Позже, в нашей комнате, Джейк сказал:
— "Убица"? Даже правильно написать не мог?
— Ты о чем?
— Сам знаешь.
— Не знаю.
— А я удивился, почему ты лёг спать в пижаме, а проснулся в трусах и в майке. Ты ночью ходил к Брандтам, верно?
— Ты сумасшедший.
— Нет. — Он сел на кровать и посмотрел на меня. Он не был ни сердит, ни взволнован. — Почему ты меня не взял?
— Не хотел, чтобы ты вляпался в неприятности. Послушай, Джейк, я там был, но не я написал это слово.
— Что ты сделал?
— Мама попросила положить конверт на лобовое стекло машины Карла.
— Что в нем было?
— Не знаю. Она взяла с меня обещание, что я не буду его открывать.

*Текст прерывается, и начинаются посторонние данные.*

(* Let $c\ge3$ be an integer and $K(t,t')=\frac{2c}{c+1}\cdot\frac{t'^{2/(c-1)}}{\sum_{i=1}^{t} i^{2/(c-1)}}\cdot\mathbf{1}[t\ge t']$ for positive integers $t,t'$. Then for all positive integers $t''<t$, $$\sum_{q=t''}^{t-1}K(q,t'')\ge c\left(1-\left(\frac{t''}{t}\right)^{2/(c-1)}\right).$$ *)

theory Defs
  imports Complex_Main
begin

definition kerK :: "nat \<Rightarrow> nat \<Rightarrow> nat \<Rightarrow> real" where
  "kerK c t t' = (2 * real c / (real c + 1)) *
     (real t' powr (2 / (real c - 1)) / (\<Sum>i=1..t. real i powr (2 / (real c - 1)))) *
     (if t \<ge> t' then 1 else 0)"

end

theory Submission
  imports Defs "HOL-Analysis.Convex"
begin

(* With a = 2/(c-1), which lies in (0,1], and S_q = sum_{i=1..q} i^a, the kernel is
   K(q,t'') = c a/(a+1) t''^a / S_q for q >= t''. The sum telescopes once every term
   dominates c t''^a (q^-a - (q+1)^-a), i.e. once (a+1) (q^-a - (q+1)^-a) S_q <= a.
   For this, S_q is bounded above by the trapezoid rule for the concave function x^a,
   and q^-a - (q+1)^-a is bounded above via a rational lower bound for (1 + 1/q)^-a,
   proved by showing that the logarithm of the ratio of the two sides is monotone. *)

lemma powr_le_tangent:
  fixes a x y :: real
  assumes "0 \<le> a" "a \<le> 1" "0 < x" "0 < y"
  shows "x powr a \<le> y powr a + a * y powr (a - 1) * (x - y)"
proof -
  have y_powr: "y powr a = y powr (a - 1) * y"
    using assms by (simp add: powr_diff)
  have "x powr a = y powr a * (x / y) powr a"
    using assms by (simp add: powr_divide)
  also have "\<dots> \<le> y powr a * (a * (x / y) + (1 - a))"
    using Youngs_inequality_0[of a "1 - a" "x / y" 1] assms by (intro mult_left_mono) auto
  also have "\<dots> = y powr a + a * y powr (a - 1) * (x - y)"
    using assms by (simp add: y_powr field_simps)
  finally show ?thesis .
qed

lemma powr_trapezoid_le_integral:
  fixes a q :: real
  assumes a: "0 \<le> a" "a \<le> 1" and q: "0 < q"
  shows "(q powr a + (q + 1) powr a) / 2 \<le> ((q + 1) powr (a + 1) - q powr (a + 1)) / (a + 1)"
proof -
  define g where "g u = ((q + u) powr (a + 1) - q powr (a + 1)) / (a + 1) - u * (q powr a + (q + u) powr a) / 2" for u
  define g' where "g' u = ((q + u) powr a - q powr a - a * u * (q + u) powr (a - 1)) / 2" for u
  have "(g has_real_derivative g' u) (at u)" if "u \<in> {0..1}" for u
  proof -
    have "q + u > 0" using that q by auto
    then have "(g has_real_derivative ((a + 1) * (q + u) powr (a + 1 - 1) / (a + 1)
        - ((q powr a + (q + u) powr a) + u * (a * (q + u) powr (a - 1))) / 2)) (at u)"
      unfolding g_def by (auto intro!: derivative_eq_intros)
    then show ?thesis
      by (rule DERIV_cong) (use a in \<open>simp add: g'_def field_simps\<close>)
  qed
  moreover have "g' u \<ge> 0" if "u \<in> {0..1}" for u
  proof -
    have "q powr a \<le> (q + u) powr a - a * u * (q + u) powr (a - 1)"
      using powr_le_tangent[OF a q, of "q + u"] that q by (simp add: algebra_simps)
    then show ?thesis unfolding g'_def by simp
  qed
  ultimately have "g 0 \<le> g 1"
    by (rule deriv_nonneg_imp_mono) simp_all
  then show ?thesis unfolding g_def by simp
qed

definition trapezoid_bound :: "real \<Rightarrow> real \<Rightarrow> real" where
  "trapezoid_bound a q = (q powr (a + 1) - (1 - a) / 2) / (a + 1) + q powr a / 2"

lemma sum_powr_le_trapezoid_bound:
  fixes a :: real
  assumes a: "0 \<le> a" "a \<le> 1" and n: "1 \<le> n"
  shows "(\<Sum>i=1..n. real i powr a) \<le> trapezoid_bound a (real n)"
  using n
proof (induction n rule: nat_induct_at_least)
  case base
  show ?case using a by (simp add: trapezoid_bound_def field_simps)
next
  case (Suc n)
  have "(\<Sum>i=1..Suc n. real i powr a) = (\<Sum>i=1..n. real i powr a) + (real n + 1) powr a"
    by (simp add: add.commute)
  also have "\<dots> \<le> trapezoid_bound a (real n) + (real n + 1) powr a"
    using Suc.IH by simp
  also have "\<dots> \<le> trapezoid_bound a (real n + 1)"
    using powr_trapezoid_le_integral[OF a, of "real n"] Suc.hyps
    unfolding trapezoid_bound_def by (simp add: diff_divide_distrib add_divide_distrib)
  finally show ?case by (simp add: add.commute)
qed

lemma one_plus_powr_mult_le:
  fixes a x :: real
  assumes a: "0 \<le> a" "a \<le> 1" and x: "0 \<le> x" "x \<le> 1"
  shows "(1 + x) powr a * (1 + (1 - a) * x * (1 - x) / 2) \<le> 1 + (a + 1) * x / 2 - (1 - a) * x\<^sup>2 / 2"
proof -
  define P where "P z = 1 + (a + 1) * z / 2 - (1 - a) * z\<^sup>2 / 2" for z
  define Q where "Q z = 1 + (1 - a) * z * (1 - z) / 2" for z
  define P' where "P' z = (a + 1) / 2 - (1 - a) * z" for z
  define Q' where "Q' z = (1 - a) * (1 - 2 * z) / 2" for z
  have P_pos: "P z > 0" and Q_pos: "Q z > 0" if "z \<in> {0..1}" for z
  proof -
    have "(1 - a) * z\<^sup>2 \<le> (1 + a) * z * 1"
      unfolding power2_eq_square mult.assoc[symmetric] using that a by (intro mult_mono) auto
    then show "P z > 0" using that a unfolding P_def by (simp add: add.commute)
    have "(1 - a) * z * (1 - z) \<ge> 0" using that a by (intro mult_nonneg_nonneg) auto
    then show "Q z > 0" by (simp add: Q_def)
  qed
  have dP: "(P has_real_derivative P' z) (at z)" and dQ: "(Q has_real_derivative Q' z) (at z)" for z
    unfolding P_def P'_def Q_def Q'_def by (auto intro!: derivative_eq_intros simp: field_simps)
  define \<phi> where "\<phi> z = ln (Q z) - ln (P z) + a * ln (1 + z)" for z
  define \<phi>' where "\<phi>' z = Q' z / Q z - P' z / P z + a / (1 + z)" for z
  have "(\<phi> has_real_derivative \<phi>' z) (at z)" if "z \<in> {0..x}" for z
    using that x P_pos[of z] Q_pos[of z] unfolding \<phi>_def \<phi>'_def
    by (auto intro!: derivative_eq_intros dP dQ)
  moreover have "\<phi>' z \<le> 0" if "z \<in> {0..x}" for z
  proof -
    have z: "0 \<le> z" "z \<le> 1" "1 + z > 0" "P z > 0" "Q z > 0" using that x P_pos Q_pos by auto
    have numerator: "Q' z * P z * (1 + z) - P' z * Q z * (1 + z) + a * P z * Q z
        = - (a * (1 - a) * z\<^sup>2 * (5 - a + 4 * z - (1 - a) * z\<^sup>2) / 4)"
      unfolding P_def Q_def P'_def Q'_def by (simp add: field_simps power2_eq_square)
    have "\<phi>' z = (Q' z * P z * (1 + z) - P' z * Q z * (1 + z) + a * P z * Q z) / (P z * Q z * (1 + z))"
      using z(3-5) unfolding \<phi>'_def by (simp add: field_simps)
    also have "\<dots> = - (a * (1 - a) * z\<^sup>2 * (5 - a + 4 * z - (1 - a) * z\<^sup>2) / 4) / (P z * Q z * (1 + z))"
      by (simp only: numerator)
    also have "\<dots> \<le> 0"
    proof -
      have "(1 - a) * z\<^sup>2 \<le> 1" using z a by (intro mult_le_one) (auto intro: power_le_one)
      then show ?thesis using z a by (intro divide_nonpos_pos) auto
    qed
    finally show ?thesis .
  qed
  ultimately have "\<phi> x \<le> \<phi> 0"
    by (rule deriv_nonpos_imp_antimono) (simp_all add: x)
  then have "ln ((1 + x) powr a * Q x) \<le> ln (P x)"
    using x Q_pos[of x] by (simp add: \<phi>_def P_def Q_def ln_mult)
  then show ?thesis
    using x P_pos[of x] Q_pos[of x] unfolding P_def Q_def by simp
qed

lemma powr_neg_diff_mult_trapezoid_bound_le:
  fixes a q :: real
  assumes a: "0 \<le> a" "a \<le> 1" and q: "1 \<le> q"
  shows "(a + 1) * (q powr - a - (q + 1) powr - a) * trapezoid_bound a q \<le> a"
proof -
  define x where "x = 1 / q"
  define A where "A = q powr a"
  define P where "P = 1 + (a + 1) * x / 2 - (1 - a) * x\<^sup>2 / 2"
  have x: "0 < x" "x \<le> 1" and A_pos: "0 < A" using q by (auto simp: x_def A_def)
  have Q_eq: "P - a * x = 1 + (1 - a) * x * (1 - x) / 2"
    by (simp add: P_def power2_eq_square field_simps)
  have "(1 - a) * x * (1 - x) \<ge> 0" using a x by (intro mult_nonneg_nonneg) auto
  then have "P - a * x \<ge> 1" unfolding Q_eq by simp
  moreover have "0 \<le> a * x" using a x by simp
  ultimately have P_pos: "P > 0" by linarith
  have "(1 + x) powr a * (P - a * x) \<le> P"
    unfolding Q_eq using one_plus_powr_mult_le[OF a, of x] x by (simp add: P_def)
  then have "P - a * x \<le> P / (1 + x) powr a"
    using x by (simp add: pos_le_divide_eq mult.commute)
  then have decrement: "1 - (1 + x) powr - a \<le> a * x / P"
    using x P_pos by (simp add: powr_minus_divide field_simps)
  have "q + 1 = q * (1 + x)" using q by (simp add: x_def field_simps)
  then have "(q + 1) powr - a = q powr - a * (1 + x) powr - a"
    using q x by (simp add: powr_mult)
  then have diff_eq: "q powr - a - (q + 1) powr - a = (1 - (1 + x) powr - a) / A"
    using A_pos by (simp add: A_def powr_minus_divide field_simps)
  have "A \<le> q" using q a powr_mono[of a 1 q] by (simp add: A_def)
  then have "(1 - a) * A \<le> (1 - a) * q" using a by (intro mult_left_mono) auto
  then have "(1 - a) * A / q \<le> 1 - a" using q by (simp add: pos_divide_le_eq)
  moreover have "(a + 1) * trapezoid_bound a q = A * q - (1 - a) / 2 + (a + 1) * A / 2"
    using a q by (simp add: trapezoid_bound_def A_def powr_add distrib_left)
  moreover have "A * q * P = A * q + (a + 1) * A / 2 - (1 - a) * A / q / 2"
    using q by (simp add: P_def x_def field_simps power2_eq_square)
  ultimately have T_le: "(a + 1) * trapezoid_bound a q \<le> A * q * P" by simp
  have "1 \<le> q powr (a + 1)" using q a by (simp add: ge_one_powr_ge_zero)
  then have "0 \<le> trapezoid_bound a q"
    using a by (auto simp: trapezoid_bound_def intro!: add_nonneg_nonneg divide_nonneg_pos)
  then have T_nonneg: "0 \<le> (a + 1) * trapezoid_bound a q / A" using a A_pos by simp
  have "(a + 1) * (q powr - a - (q + 1) powr - a) * trapezoid_bound a q
      = (1 - (1 + x) powr - a) * ((a + 1) * trapezoid_bound a q / A)"
    by (simp add: diff_eq)
  also have "\<dots> \<le> (a * x / P) * (A * q * P / A)"
    using P_pos A_pos a x
    by (intro mult_mono[OF decrement divide_right_mono[OF T_le]] T_nonneg) auto
  also have "\<dots> = a"
    using P_pos A_pos q by (simp add: x_def)
  finally show ?thesis .
qed

lemma kerK_ge_powr_neg_diff:
  fixes c q s :: nat
  assumes c: "3 \<le> c" and s: "0 < s" "s \<le> q"
  shows "real c * real s powr (2 / (real c - 1))
      * (real q powr - (2 / (real c - 1)) - (real q + 1) powr - (2 / (real c - 1))) \<le> kerK c q s"
proof -
  define a where "a = 2 / (real c - 1)"
  define S where "S = (\<Sum>i=1..q. real i powr a)"
  define D where "D = real q powr - a - (real q + 1) powr - a"
  have a: "0 \<le> a" "a \<le> 1" using c by (auto simp: a_def field_simps)
  have q: "1 \<le> q" using s by simp
  have "real 1 powr a \<le> S"
    unfolding S_def using q by (intro member_le_sum) auto
  then have S_pos: "0 < S" by simp
  have "D \<ge> 0" using a q by (simp add: D_def powr_mono2')
  then have "(a + 1) * D * S \<le> (a + 1) * D * trapezoid_bound a (real q)"
    using sum_powr_le_trapezoid_bound[OF a q] a by (simp add: S_def mult_left_mono)
  also have "\<dots> \<le> a"
    using powr_neg_diff_mult_trapezoid_bound_le[OF a, of "real q"] q by (simp add: D_def)
  finally have "D \<le> a / (a + 1) / S"
    using S_pos a by (simp add: pos_le_divide_eq mult.commute mult.left_commute)
  also have "a / (a + 1) = 2 / (real c + 1)"
    using c by (simp add: a_def divide_simps) (simp add: algebra_simps)
  finally have "real c * real s powr a * D \<le> real c * real s powr a * (2 / (real c + 1) / S)"
    by (intro mult_left_mono) simp_all
  also have "\<dots> = kerK c q s"
    using s by (simp add: kerK_def a_def S_def)
  finally show ?thesis by (simp add: a_def D_def)
qed

theorem mainTheorem9:
  fixes c t t'' :: nat
  assumes "c \<ge> 3" and "0 < t''" and "t'' < t"
  shows "(\<Sum>q=t''..t-1. kerK c q t'') \<ge> real c * (1 - (real t'' / real t) powr (2 / (real c - 1)))"
proof -
  define a where "a = 2 / (real c - 1)"
  have telescope: "(\<Sum>q=t''..t-1. real q powr - a - (real (Suc q)) powr - a) = real t'' powr - a - real t powr - a"
    using sum_Suc_diff[of t'' "t - 1" "\<lambda>q. - (real q powr - a)"] assms by simp
  have "real c * (1 - (real t'' / real t) powr a) = real c * real t'' powr a * (real t'' powr - a - real t powr - a)"
    using assms by (simp add: powr_divide powr_minus field_simps)
  also have "\<dots> = (\<Sum>q=t''..t-1. real c * real t'' powr a * (real q powr - a - (real q + 1) powr - a))"
    by (simp add: telescope[symmetric] sum_distrib_left add.commute)
  also have "\<dots> \<le> (\<Sum>q=t''..t-1. kerK c q t'')"
    using kerK_ge_powr_neg_diff[OF assms(1,2)] by (intro sum_mono) (simp add: a_def)
  finally show ?thesis unfolding a_def .
qed

end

— А кто сделал надпись на воротах?
— Не знаю. Когда я пришел, она уже была.
Я собирался рассказать Джейку всю историю, когда услышал злобное рычание автомобильного мотора. Высунулся в окно и увидел, что к нашему дому подъехал на своей спортивной машине Карл Брандт. Мы с Джейком спустились вниз. Мать наконец встала и теперь ела тосты и пила кофе. Отец ушел в церковь, но, должно быть, увидел машину Карла, поскольку поспешно вернулся домой.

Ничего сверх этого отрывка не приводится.